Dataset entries
---------------
lemma trace_dual_basis:
  "indep u y \<Longrightarrow> \<exists>\<tau>. \<forall>i<u. \<forall>j<u. trace (y i * \<tau> j) = (if i = j then 1 else 0)"
proof (induction u)
  case (Suc u)
  from Suc.IH obtain \<tau> where \<tau>: "\<forall>i<u. \<forall>j<u. trace (y i * \<tau> j) = (if i = j then 1 else 0)"
    using Suc.prems indep_Suc_iff by blast
  moreover have "y u \<notin> span u y" using Suc.prems indep_Suc_iff by blast
  ultimately obtain t where t: "\<forall>i<u. trace (y i * t) = 0" "trace (y u * t) = 1"
    using trace_dual_vector by blast
  define \<tau>' where "\<tau>' j = (if j < u then \<tau> j - trace (y u * \<tau> j) * t else t)" for j
  have low: "trace (y i * \<tau>' j) = trace (y i * \<tau> j) - trace (y u * \<tau> j) * trace (y i * t)"
    if "j < u" for i j
  proof -
    have comm: "y i * (trace (y u * \<tau> j) * t) = trace (y u * \<tau> j) * (y i * t)"
      by (simp add: mult_ac)
    show ?thesis
      using that by (simp add: \<tau>'_def right_diff_distrib trace_diff comm trace_scale trace_in_subF)
  qed
  have "trace (y i * \<tau>' j) = (if i = j then 1 else 0)" if "i < Suc u" "j < Suc u" for i j
  proof (cases "j < u")
    case True
    thus ?thesis using that \<tau> t by (cases "i < u") (auto simp: low less_Suc_eq)
  next
    case False
    thus ?thesis using that t by (auto simp: \<tau>'_def less_Suc_eq)
  qed
  thus ?case by blast
qed simp

subsection \<open>The equations of \<open>V\<close>\<close>

definition beta :: "nat \<Rightarrow> (nat \<Rightarrow> 'a) \<Rightarrow> (nat \<Rightarrow> 'a) \<Rightarrow> nat \<Rightarrow> 'a" where
  "beta u x y k = (\<Sum>i<u. x i * \<sigma> k (y i) + \<sigma> k (x i) * y i)"

lemma beta_add_M: "beta u x y (k + M) = beta u x y k"
  by (simp add: beta_def \<sigma>_add_M)

lemma beta_mod: "beta u x y (k mod M) = beta u x y k"
  by (simp add: beta_def flip: \<sigma>_mod)

lemma beta_reflect: "k \<le> M \<Longrightarrow> beta u x y (M - k) = \<sigma> (M - k) (beta u x y k)"
proof -
  assume "k \<le> M"
  hence "\<sigma> (M - k) (\<sigma> k z) = z" for z by (simp add: \<sigma>_\<sigma> \<sigma>_M)
  thus ?thesis by (simp add: beta_def \<sigma>_sum \<sigma>_add \<sigma>_mult algebra_simps)
qed

lemma sigma_poly_beta:
  "sigma_poly M (beta u x y) t = (\<Sum>i<u. x i * trace (y i * t) + y i * trace (x i * t))"
proof -
  have "sigma_poly M (beta u x y) t = (\<Sum>k<M. \<Sum>i<u. (x i * \<sigma> k (y i) + \<sigma> k (x i) * y i) * \<sigma> k t)"
    by (simp add: sigma_poly_def beta_def sum_distrib_right)
  also have "\<dots> = (\<Sum>i<u. \<Sum>k<M. (x i * \<sigma> k (y i) + \<sigma> k (x i) * y i) * \<sigma> k t)"
    by (rule sum.swap)
  also have "\<dots> = (\<Sum>i<u. x i * trace (y i * t) + y i * trace (x i * t))"
    by (simp add: trace_def \<sigma>_mult sum_distrib_left sum.distrib algebra_simps)
  finally show ?thesis .
qed

text \<open>By the trace formula, the map \<open>t \<mapsto> sigma_poly M (beta u x y) t\<close> takes values in the
  \<open>F\<close>-span of the \<open>2 u\<close> elements \<open>x i\<close>, \<open>y i\<close>.\<close>
lemma card_range_sigma_poly_beta_le: "card (range (sigma_poly M (beta u x y))) \<le> card F ^ (2 * u)"
proof -
  let ?S = "(\<Pi>\<^sub>E i\<in>{..<u}. F) \<times> (\<Pi>\<^sub>E i\<in>{..<u}. F)"
  let ?comb = "\<lambda>(a, b). \<Sum>i<u. a i * x i + b i * y i"
  have "range (sigma_poly M (beta u x y)) \<subseteq> ?comb ` ?S"
  proof
    fix z assume "z \<in> range (sigma_poly M (beta u x y))"
    then obtain t where z: "z = (\<Sum>i<u. x i * trace (y i * t) + y i * trace (x i * t))"
      by (auto simp: sigma_poly_beta)
    let ?a = "restrict (\<lambda>i. trace (y i * t)) {..<u}" and ?b = "restrict (\<lambda>i. trace (x i * t)) {..<u}"
    have "z = ?comb (?a, ?b)" unfolding z by (auto intro: sum.cong simp: mult.commute)
    moreover have "(?a, ?b) \<in> ?S" by (auto simp: trace_in_subF)
    ultimately show "z \<in> ?comb ` ?S" by blast
  qed
  hence "card (range (sigma_poly M (beta u x y))) \<le> card (?comb ` ?S)"
    by (intro card_mono) simp_all
  also have "\<dots> \<le> card ?S" by (intro card_image_le finite_SigmaI finite_PiE) simp_all
  also have "card ?S = card F ^ u * card F ^ u" by (simp add: card_cartesian_product card_PiE)
  finally show ?thesis by (simp add: mult_2 power_add)
qed

text \<open>If \<open>beta u x y\<close> vanished on the window \<open>[N - s, N + s]\<close> but not everywhere, the
  \<open>\<sigma>\<close>-polynomial with coefficients \<open>beta u x y\<close> would have a kernel of size at most
  \<open>card F ^ (M - 2 s - 2)\<close>; its range has size at most \<open>card F ^ (2 u)\<close>, and
  \<open>2 u \<le> 2 s\<close> leaves too few elements for the whole field.\<close>
lemma beta_eq_0_if_eq_0_on_window:
  assumes M_eq: "M = 2 * N" and "u \<le> s"
    and window: "\<And>k. N - s \<le> k \<Longrightarrow> k \<le> N + s \<Longrightarrow> k < M \<Longrightarrow> beta u x y k = 0"
  shows "beta u x y k = 0"
proof (rule ccontr)
  assume "beta u x y k \<noteq> 0"
  hence nz: "k mod M < M" "beta u x y (k mod M) \<noteq> 0" using M_pos by (simp_all add: beta_mod)
  have "s < N"
  proof (rule ccontr)
    assume "\<not> s < N"
    hence "N - s \<le> k mod M" "k mod M \<le> N + s" using nz(1) M_eq by auto
    thus False using window nz by blast
  qed
  define L where "L = M - 2 * s - 1"
  have "L \<le> M" unfolding L_def by arith
  have gap: "beta u x y (N + s + 1 + l) = 0" if "L \<le> l" "l < M" for l
  proof -
    let ?k = "N + s + 1 + l - M"
    have ge: "M \<le> N + s + 1 + l" and lt: "?k < M" and win: "N - s \<le> ?k" "?k \<le> N + s"
      using that \<open>s < N\<close> unfolding L_def M_eq by arith+
    have "beta u x y (N + s + 1 + l) = beta u x y ((N + s + 1 + l) mod M)" by (simp add: beta_mod)
    also have "(N + s + 1 + l) mod M = ?k" using ge lt by (simp add: le_mod_geq)
    finally show ?thesis using window[OF win lt] by simp
  qed
  have kernel: "card {t. sigma_poly M (beta u x y) t = 0} \<le> card F ^ (L - 1)"
  proof (rule card_sigma_poly_roots_gap)
    show "beta u x y (k + M) = beta u x y k" for k by (rule beta_add_M)
    show "beta u x y (N + s + 1 + l) = 0" if "L \<le> l" "l < M" for l using that by (rule gap)
  qed (use \<open>L \<le> M\<close> nz in auto)
  have "card F ^ M
      = card {t. sigma_poly M (beta u x y) t = 0} * card (range (sigma_poly M (beta u x y)))"
    using card_UNIV_eq_card_subF_power
      card_UNIV_eq_card_kernel_mult_card_range[of "sigma_poly M (beta u x y)"]
    by (simp add: sigma_poly_add)
  also have "\<dots> \<le> card F ^ (L - 1) * card F ^ (2 * u)"
    by (rule mult_le_mono[OF kernel card_range_sigma_poly_beta_le])
  finally have "card F ^ M \<le> card F ^ (L - 1 + 2 * u)" by (simp add: power_add)
  hence "M \<le> L - 1 + 2 * u" by (rule power_le_imp_le_exp[OF card_subF_gt_1])
  thus False using \<open>u \<le> s\<close> \<open>s < N\<close> unfolding L_def M_eq by arith
qed

text \<open>The defining equations of \<open>V\<close> are \<open>beta\<close> at \<open>N - j\<close> for \<open>j \<le> s\<close>; by
  \<open>beta_reflect\<close> they also give \<open>beta\<close> at \<open>N + j\<close>.\<close>
lemma beta_vanishes_iff:
  assumes M_eq: "M = 2 * N" and "u \<le> s"
  shows "(\<forall>j\<in>{0..s}. beta u x y (nat ((int N - int j) mod int M)) = 0)
           \<longleftrightarrow> (\<forall>k. beta u x y k = 0)"
proof
  assume H: "\<forall>j\<in>{0..s}. beta u x y (nat ((int N - int j) mod int M)) = 0"
  have "beta u x y k = 0" if "N - s \<le> k" "k \<le> N + s" "k < M" for k
  proof (cases "k \<le> N")
    case True
    have "nat ((int N - int (N - k)) mod int M) = k" using True that by simp
    moreover have "N - k \<in> {0..s}" using that by simp
    ultimately show ?thesis using H by metis
  next
    case False
    have "int N - int (k - N) = int (M - k)" "M - k < M" using False that M_eq by auto
    hence "nat ((int N - int (k - N)) mod int M) = M - k" by (simp flip: of_nat_mod)
    moreover have "k - N \<in> {0..s}" using that by simp
    ultimately have "beta u x y (M - k) = 0" using H by metis
    hence "beta u x y (M - (M - k)) = 0" using beta_reflect[of "M - k"] by simp
    thus ?thesis using that by simp
  qed
  thus "\<forall>k. beta u x y k = 0" using beta_eq_0_if_eq_0_on_window[OF M_eq \<open>u \<le> s\<close>] by blast
qed simp

lemma beta_eq_0_imp_symmetric_coords:
  assumes ind: "indep u y" and beta0: "\<And>k. beta u x y k = 0"
  shows "\<exists>C. (\<forall>i j. C i j \<in> F) \<and> (\<forall>i<u. \<forall>j<u. C i j = C j i) \<and>
              (\<forall>j<u. x j = (\<Sum>i<u. C j i * y i))"
proof -
  obtain \<tau> where \<tau>: "\<forall>i<u. \<forall>j<u. trace (y i * \<tau> j) = (if i = j then 1 else 0)"
    using trace_dual_basis[OF ind] by blast
  have sym: "(\<Sum>i<u. x i * trace (y i * t)) = (\<Sum>i<u. y i * trace (x i * t))" for t
  proof -
    have "(\<Sum>i<u. x i * trace (y i * t)) + (\<Sum>i<u. y i * trace (x i * t)) = 0"
      using beta0 sigma_poly_beta[of u x y t] by (simp add: sigma_poly_def sum.distrib)
    thus ?thesis by (simp add: eq_neg_iff_add_eq_0[symmetric] uminus_CHAR_2[OF CHAR_eq_2])
  qed
  define C where "C j i = trace (x i * \<tau> j)" for j i
  have coords: "x j = (\<Sum>i<u. C j i * y i)" if "j < u" for j
  proof -
    have "x j = (\<Sum>i<u. x i * (if j = i then 1 else 0))"
      using sum_lessThan_mult_delta[OF that, of x] by simp
    also have "\<dots> = (\<Sum>i<u. x i * trace (y i * \<tau> j))" using \<tau> that by (intro sum.cong) auto
    also have "\<dots> = (\<Sum>i<u. y i * trace (x i * \<tau> j))" by (rule sym)
    also have "\<dots> = (\<Sum>i<u. C j i * y i)" by (simp add: C_def mult.commute)
    finally show ?thesis .
  qed
  have "C i j = C j i" if "i < u" "j < u" for i j
  proof -
    have "C j i = trace (\<tau> j * (\<Sum>l<u. C i l * y l))"
      using coords[OF that(1)] by (simp add: C_def mult.commute)
    also have "\<dots> = (\<Sum>l<u. C i l * trace (\<tau> j * y l))"
      by (rule trace_mult_sum) (simp add: C_def trace_in_subF)
    also have "\<dots> = (\<Sum>l<u. C i l * (if j = l then 1 else 0))"
      using \<tau> that by (intro sum.cong) (auto simp: mult.commute)
    finally show ?thesis using that by (simp add: sum_lessThan_mult_delta)
  qed
  thus ?thesis using coords by (intro exI[of _ C]) (auto simp: C_def trace_in_subF)
qed

lemma beta_eq_0_if_symmetric_coords:
  assumes CF: "\<And>i j. C i j \<in> F" and sym: "\<And>i j. i < u \<Longrightarrow> j < u \<Longrightarrow> C i j = C j i"
    and coords: "\<And>j. j < u \<Longrightarrow> x j = (\<Sum>i<u. C j i * y i)"
  shows "beta u x y k = 0"
proof -
  have "(\<Sum>i<u. \<sigma> k (x i) * y i) = (\<Sum>i<u. \<Sum>j<u. C i j * \<sigma> k (y j) * y i)"
    using coords by (intro sum.cong) (simp_all add: \<sigma>_sum \<sigma>_mult \<sigma>_subF CF sum_distrib_right)
  also have "\<dots> = (\<Sum>j<u. \<Sum>i<u. C i j * \<sigma> k (y j) * y i)" by (rule sum.swap)
  also have "\<dots> = (\<Sum>j<u. \<Sum>i<u. C j i * y i * \<sigma> k (y j))"
    using sym by (intro sum.cong) (simp_all add: mult_ac)
  also have "\<dots> = (\<Sum>j<u. x j * \<sigma> k (y j))"
    using coords by (intro sum.cong) (simp_all add: sum_distrib_right)
  finally show ?thesis
    by (simp add: beta_def sum.distrib add_self_CHAR_2[OF CHAR_eq_2])
qed

lemma frob_mult_d: "frob m (k * int d) z = \<sigma> (nat (k mod int M)) z"
proof -
  obtain c where d: "d = e * c" using gcd_dvd1[of d m] gcd_d_m by (auto elim!: dvdE)
  have mod_eq: "(j * int d) mod int m = int e * ((j * int c) mod int M)" for j
  proof -
    have "(j * int d) mod int m = (int e * (j * int c)) mod (int e * int M)"
      by (simp add: d m_eq mult_ac)
    thus ?thesis by (simp only: mod_mult_mult1)
  qed
  have "(k * int d) mod int m = ((k mod int M) * int d) mod int m"
    unfolding mod_eq by (simp add: mod_mult_left_eq)
  thus ?thesis using M_pos m_pos by (simp add: frob_def \<sigma>_def nat_mod_distrib nat_mult_distrib)
qed

lemma V_equation:
  "(\<Sum>i=1..u. xs ! (2 * i - 2) * frob m (k * int d) (xs ! (2 * i - 1))
      + frob m (k * int d) (xs ! (2 * i - 2)) * xs ! (2 * i - 1))
   = beta u (pair_fst u xs) (pair_snd u xs) (nat (k mod int M))"
  unfolding beta_def frob_mult_d One_nat_def sum.atLeast1_atMost_eq
  by (intro sum.cong) (auto simp: pair_fst_def pair_snd_def)

lemma V0_coeff_condition_iff:
  "{c. (\<forall>i. c i \<in> F) \<and> (\<forall>i. i \<notin> {1..u} \<longrightarrow> c i = 0) \<and> (\<Sum>i=1..u. c i * xs ! (2 * i - 1)) = 0}
     = {\<lambda>_. 0} \<longleftrightarrow> indep u (pair_snd u xs)"
proof -
  have sum_eq: "(\<Sum>i=1..u. c i * xs ! (2 * i - 1)) = (\<Sum>i<u. c (Suc i) * pair_snd u xs i)" for c
    unfolding One_nat_def sum.atLeast1_atMost_eq by (intro sum.cong) (auto simp: pair_snd_def)
  let ?P = "\<lambda>c. (\<forall>i. c i \<in> F) \<and> (\<forall>i. i \<notin> {1..u} \<longrightarrow> c i = 0) \<and>
                 (\<Sum>i<u. c (Suc i) * pair_snd u xs i) = 0"
  have "?P (\<lambda>_. 0)" by simp
  hence "{c. ?P c} = {\<lambda>_. 0} \<longleftrightarrow> (\<forall>c. ?P c \<longrightarrow> c = (\<lambda>_. 0))" by blast
  also have "\<dots> \<longleftrightarrow> indep u (pair_snd u xs)"
  proof
    assume H: "\<forall>c. ?P c \<longrightarrow> c = (\<lambda>_. 0)"
    show "indep u (pair_snd u xs)" unfolding indep_def
    proof (intro allI impI)
      fix c' :: "nat \<Rightarrow> 'a" and i
      assume c': "\<forall>i<u. c' i \<in> F" "(\<Sum>i<u. c' i * pair_snd u xs i) = 0" and "i < u"
      define c where "c i = (if i \<in> {1..u} then c' (i - 1) else 0)" for i
      have "c i \<in> F" for i using c' by (cases i) (auto simp: c_def)
      moreover have "(\<Sum>i<u. c (Suc i) * pair_snd u xs i) = (\<Sum>i<u. c' i * pair_snd u xs i)"
        by (intro sum.cong) (auto simp: c_def)
      ultimately have "?P c" using c' by (simp add: c_def)
      hence "c = (\<lambda>_. 0)" using H by (simp only:)
      hence "c (Suc i) = 0" by simp
      thus "c' i = 0" using \<open>i < u\<close> by (simp add: c_def)
    qed
  next
    assume ind: "indep u (pair_snd u xs)"
    show "\<forall>c. ?P c \<longrightarrow> c = (\<lambda>_. 0)"
    proof (intro allI impI ext)
      fix c i assume P: "?P c"
      hence low: "\<forall>i<u. c (Suc i) = 0"
        using spec[OF ind[unfolded indep_def], of "\<lambda>i. c (Suc i)"] by simp
      show "c i = 0"
      proof (cases "i \<in> {1..u}")
        case True
        then obtain k where "i = Suc k" "k < u" by (cases i) auto
        thus ?thesis using low by simp
      qed (use P in simp)
    qed
  qed
  finally show ?thesis by (simp only: sum_eq)
qed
---------------
(Task description) Write out only the lines from the very start of the entries above to the line that includes "u \<notin> span", both ends included, each one unchanged.

(Reply)
lemma trace_dual_basis:
  "indep u y \<Longrightarrow> \<exists>\<tau>. \<forall>i<u. \<forall>j<u. trace (y i * \<tau> j) = (if i = j then 1 else 0)"
proof (induction u)
  case (Suc u)
  from Suc.IH obtain \<tau> where \<tau>: "\<forall>i<u. \<forall>j<u. trace (y i * \<tau> j) = (if i = j then 1 else 0)"
    using Suc.prems indep_Suc_iff by blast
  moreover have "y u \<notin> span u y" using Suc.prems indep_Suc_iff by blast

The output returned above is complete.